Source data:
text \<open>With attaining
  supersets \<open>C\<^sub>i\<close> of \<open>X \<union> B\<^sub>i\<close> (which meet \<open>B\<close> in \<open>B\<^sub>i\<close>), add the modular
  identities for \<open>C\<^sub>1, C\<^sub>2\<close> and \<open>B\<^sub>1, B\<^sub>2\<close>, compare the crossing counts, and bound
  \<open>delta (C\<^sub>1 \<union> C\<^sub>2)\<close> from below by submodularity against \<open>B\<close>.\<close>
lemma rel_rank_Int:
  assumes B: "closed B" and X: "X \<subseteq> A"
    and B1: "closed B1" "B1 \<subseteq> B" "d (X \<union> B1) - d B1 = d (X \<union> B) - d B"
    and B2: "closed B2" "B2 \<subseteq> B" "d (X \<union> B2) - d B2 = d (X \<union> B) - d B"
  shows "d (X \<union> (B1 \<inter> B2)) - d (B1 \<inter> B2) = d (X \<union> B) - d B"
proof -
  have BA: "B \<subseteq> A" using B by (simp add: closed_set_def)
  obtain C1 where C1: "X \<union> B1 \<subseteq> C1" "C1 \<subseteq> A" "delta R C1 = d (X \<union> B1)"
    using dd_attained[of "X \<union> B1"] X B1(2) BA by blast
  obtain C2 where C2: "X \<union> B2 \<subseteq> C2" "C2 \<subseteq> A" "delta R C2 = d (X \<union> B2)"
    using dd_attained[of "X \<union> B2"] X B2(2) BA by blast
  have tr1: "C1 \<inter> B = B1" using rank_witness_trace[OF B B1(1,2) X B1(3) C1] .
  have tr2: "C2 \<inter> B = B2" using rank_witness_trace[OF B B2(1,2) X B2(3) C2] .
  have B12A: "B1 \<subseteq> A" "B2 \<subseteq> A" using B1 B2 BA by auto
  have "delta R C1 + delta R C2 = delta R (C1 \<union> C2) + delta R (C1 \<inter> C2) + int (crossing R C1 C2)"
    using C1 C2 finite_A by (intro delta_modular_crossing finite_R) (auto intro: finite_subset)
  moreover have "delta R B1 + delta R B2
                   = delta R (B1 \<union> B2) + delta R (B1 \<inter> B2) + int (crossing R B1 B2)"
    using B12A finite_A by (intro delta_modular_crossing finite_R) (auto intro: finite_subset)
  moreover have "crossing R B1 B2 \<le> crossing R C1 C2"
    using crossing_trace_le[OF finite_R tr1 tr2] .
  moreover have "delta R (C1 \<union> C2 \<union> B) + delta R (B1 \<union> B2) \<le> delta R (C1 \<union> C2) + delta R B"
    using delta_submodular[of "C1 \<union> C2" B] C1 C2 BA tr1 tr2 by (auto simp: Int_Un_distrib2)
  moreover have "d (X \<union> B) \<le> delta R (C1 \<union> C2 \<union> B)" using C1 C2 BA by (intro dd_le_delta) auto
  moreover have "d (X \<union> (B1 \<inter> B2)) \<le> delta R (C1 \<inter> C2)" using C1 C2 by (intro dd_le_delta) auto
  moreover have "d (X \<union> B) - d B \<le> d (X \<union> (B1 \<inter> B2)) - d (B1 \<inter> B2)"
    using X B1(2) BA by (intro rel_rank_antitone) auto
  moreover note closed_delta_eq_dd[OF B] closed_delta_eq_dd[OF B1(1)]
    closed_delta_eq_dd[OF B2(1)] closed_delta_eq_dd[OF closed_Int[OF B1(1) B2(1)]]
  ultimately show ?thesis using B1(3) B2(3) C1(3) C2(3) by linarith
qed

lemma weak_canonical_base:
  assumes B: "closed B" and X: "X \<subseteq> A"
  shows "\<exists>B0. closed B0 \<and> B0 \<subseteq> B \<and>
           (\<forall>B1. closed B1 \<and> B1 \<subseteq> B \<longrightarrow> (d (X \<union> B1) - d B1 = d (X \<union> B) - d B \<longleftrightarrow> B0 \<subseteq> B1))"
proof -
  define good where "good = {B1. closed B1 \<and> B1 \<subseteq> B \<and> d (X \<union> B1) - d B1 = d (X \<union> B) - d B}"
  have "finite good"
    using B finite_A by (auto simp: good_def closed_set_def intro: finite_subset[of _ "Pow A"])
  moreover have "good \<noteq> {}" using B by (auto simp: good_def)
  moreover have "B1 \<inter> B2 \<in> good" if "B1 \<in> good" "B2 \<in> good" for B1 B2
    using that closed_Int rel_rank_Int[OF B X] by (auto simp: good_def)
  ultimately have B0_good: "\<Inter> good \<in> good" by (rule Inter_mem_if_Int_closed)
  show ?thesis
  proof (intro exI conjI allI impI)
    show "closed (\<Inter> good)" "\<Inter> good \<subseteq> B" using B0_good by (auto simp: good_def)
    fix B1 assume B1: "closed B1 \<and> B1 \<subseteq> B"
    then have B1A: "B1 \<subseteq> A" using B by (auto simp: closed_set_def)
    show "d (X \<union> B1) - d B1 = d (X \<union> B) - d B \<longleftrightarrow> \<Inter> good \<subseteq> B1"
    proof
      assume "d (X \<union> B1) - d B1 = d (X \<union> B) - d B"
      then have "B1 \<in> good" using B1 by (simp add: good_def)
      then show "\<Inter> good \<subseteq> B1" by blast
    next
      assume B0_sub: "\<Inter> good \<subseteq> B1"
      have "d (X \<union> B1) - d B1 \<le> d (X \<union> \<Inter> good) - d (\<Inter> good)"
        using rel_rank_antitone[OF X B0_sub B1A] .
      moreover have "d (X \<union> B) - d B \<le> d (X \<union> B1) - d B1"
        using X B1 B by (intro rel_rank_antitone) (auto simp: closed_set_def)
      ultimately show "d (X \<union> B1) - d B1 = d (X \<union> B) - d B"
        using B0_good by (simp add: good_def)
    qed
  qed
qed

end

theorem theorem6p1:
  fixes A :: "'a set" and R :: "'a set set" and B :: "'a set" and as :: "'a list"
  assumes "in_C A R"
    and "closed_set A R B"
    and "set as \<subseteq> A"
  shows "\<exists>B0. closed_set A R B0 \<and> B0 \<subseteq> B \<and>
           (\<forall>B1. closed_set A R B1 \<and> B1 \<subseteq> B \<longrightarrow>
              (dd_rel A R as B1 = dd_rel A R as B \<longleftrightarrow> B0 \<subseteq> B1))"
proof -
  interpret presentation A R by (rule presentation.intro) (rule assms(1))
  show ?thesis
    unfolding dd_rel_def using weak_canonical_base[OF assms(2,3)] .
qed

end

Task statement:
As the exercise requires, copy out the data shown above word for word.

Answer for this exercise:
text \<open>With attaining
  supersets \<open>C\<^sub>i\<close> of \<open>X \<union> B\<^sub>i\<close> (which meet \<open>B\<close> in \<open>B\<^sub>i\<close>), add the modular
  identities for \<open>C\<^sub>1, C\<^sub>2\<close> and \<open>B\<^sub>1, B\<^sub>2\<close>, compare the crossing counts, and bound
  \<open>delta (C\<^sub>1 \<union> C\<^sub>2)\<close> from below by submodularity against \<open>B\<close>.\<close>
lemma rel_rank_Int:
  assumes B: "closed B" and X: "X \<subseteq> A"
    and B1: "closed B1" "B1 \<subseteq> B" "d (X \<union> B1) - d B1 = d (X \<union> B) - d B"
    and B2: "closed B2" "B2 \<subseteq> B" "d (X \<union> B2) - d B2 = d (X \<union> B) - d B"
  shows "d (X \<union> (B1 \<inter> B2)) - d (B1 \<inter> B2) = d (X \<union> B) - d B"
proof -
  have BA: "B \<subseteq> A" using B by (simp add: closed_set_def)
  obtain C1 where C1: "X \<union> B1 \<subseteq> C1" "C1 \<subseteq> A" "delta R C1 = d (X \<union> B1)"
    using dd_attained[of "X \<union> B1"] X B1(2) BA by blast
  obtain C2 where C2: "X \<union> B2 \<subseteq> C2" "C2 \<subseteq> A" "delta R C2 = d (X \<union> B2)"
    using dd_attained[of "X \<union> B2"] X B2(2) BA by blast
  have tr1: "C1 \<inter> B = B1" using rank_witness_trace[OF B B1(1,2) X B1(3) C1] .
  have tr2: "C2 \<inter> B = B2" using rank_witness_trace[OF B B2(1,2) X B2(3) C2] .
  have B12A: "B1 \<subseteq> A" "B2 \<subseteq> A" using B1 B2 BA by auto
  have "delta R C1 + delta R C2 = delta R (C1 \<union> C2) + delta R (C1 \<inter> C2) + int (crossing R C1 C2)"
    using C1 C2 finite_A by (intro delta_modular_crossing finite_R) (auto intro: finite_subset)
  moreover have "delta R B1 + delta R B2
                   = delta R (B1 \<union> B2) + delta R (B1 \<inter> B2) + int (crossing R B1 B2)"
    using B12A finite_A by (intro delta_modular_crossing finite_R) (auto intro: finite_subset)
  moreover have "crossing R B1 B2 \<le> crossing R C1 C2"
    using crossing_trace_le[OF finite_R tr1 tr2] .
  moreover have "delta R (C1 \<union> C2 \<union> B) + delta R (B1 \<union> B2) \<le> delta R (C1 \<union> C2) + delta R B"
    using delta_submodular[of "C1 \<union> C2" B] C1 C2 BA tr1 tr2 by (auto simp: Int_Un_distrib2)
  moreover have "d (X \<union> B) \<le> delta R (C1 \<union> C2 \<union> B)" using C1 C2 BA by (intro dd_le_delta) auto
  moreover have "d (X \<union> (B1 \<inter> B2)) \<le> delta R (C1 \<inter> C2)" using C1 C2 by (intro dd_le_delta) auto
  moreover have "d (X \<union> B) - d B \<le> d (X \<union> (B1 \<inter> B2)) - d (B1 \<inter> B2)"
    using X B1(2) BA by (intro rel_rank_antitone) auto
  moreover note closed_delta_eq_dd[OF B] closed_delta_eq_dd[OF B1(1)]
    closed_delta_eq_dd[OF B2(1)] closed_delta_eq_dd[OF closed_Int[OF B1(1) B2(1)]]
  ultimately show ?thesis using B1(3) B2(3) C1(3) C2(3) by linarith
qed

lemma weak_canonical_base:
  assumes B: "closed B" and X: "X \<subseteq> A"
  shows "\<exists>B0. closed B0 \<and> B0 \<subseteq> B \<and>
           (\<forall>B1. closed B1 \<and> B1 \<subseteq> B \<longrightarrow> (d (X \<union> B1) - d B1 = d (X \<union> B) - d B \<longleftrightarrow> B0 \<subseteq> B1))"
proof -
  define good where "good = {B1. closed B1 \<and> B1 \<subseteq> B \<and> d (X \<union> B1) - d B1 = d (X \<union> B) - d B}"
  have "finite good"
    using B finite_A by (auto simp: good_def closed_set_def intro: finite_subset[of _ "Pow A"])
  moreover have "good \<noteq> {}" using B by (auto simp: good_def)
  moreover have "B1 \<inter> B2 \<in> good" if "B1 \<in> good" "B2 \<in> good" for B1 B2
    using that closed_Int rel_rank_Int[OF B X] by (auto simp: good_def)
  ultimately have B0_good: "\<Inter> good \<in> good" by (rule Inter_mem_if_Int_closed)
  show ?thesis
  proof (intro exI conjI allI impI)
    show "closed (\<Inter> good)" "\<Inter> good \<subseteq> B" using B0_good by (auto simp: good_def)
    fix B1 assume B1: "closed B1 \<and> B1 \<subseteq> B"
    then have B1A: "B1 \<subseteq> A" using B by (auto simp: closed_set_def)
    show "d (X \<union> B1) - d B1 = d (X \<union> B) - d B \<longleftrightarrow> \<Inter> good \<subseteq> B1"
    proof
      assume "d (X \<union> B1) - d B1 = d (X \<union> B) - d B"
      then have "B1 \<in> good" using B1 by (simp add: good_def)
      then show "\<Inter> good \<subseteq> B1" by blast
    next
      assume B0_sub: "\<Inter> good \<subseteq> B1"
      have "d (X \<union> B1) - d B1 \<le> d (X \<union> \<Inter> good) - d (\<Inter> good)"
        using rel_rank_antitone[OF X B0_sub B1A] .
      moreover have "d (X \<union> B) - d B \<le> d (X \<union> B1) - d B1"
        using X B1 B by (intro rel_rank_antitone) (auto simp: closed_set_def)
      ultimately show "d (X \<union> B1) - d B1 = d (X \<union> B) - d B"
        using B0_good by (simp add: good_def)
    qed
  qed
qed

end

theorem theorem6p1:
  fixes A :: "'a set" and R :: "'a set set" and B :: "'a set" and as :: "'a list"
  assumes "in_C A R"
    and "closed_set A R B"
    and "set as \<subseteq> A"
  shows "\<exists>B0. closed_set A R B0 \<and> B0 \<subseteq> B \<and>
           (\<forall>B1. closed_set A R B1 \<and> B1 \<subseteq> B \<longrightarrow>
              (dd_rel A R as B1 = dd_rel A R as B \<longleftrightarrow> B0 \<subseteq> B1))"
proof -
  interpret presentation A R by (rule presentation.intro) (rule assms(1))
  show ?thesis
    unfolding dd_rel_def using weak_canonical_base[OF assms(2,3)] .
qed

end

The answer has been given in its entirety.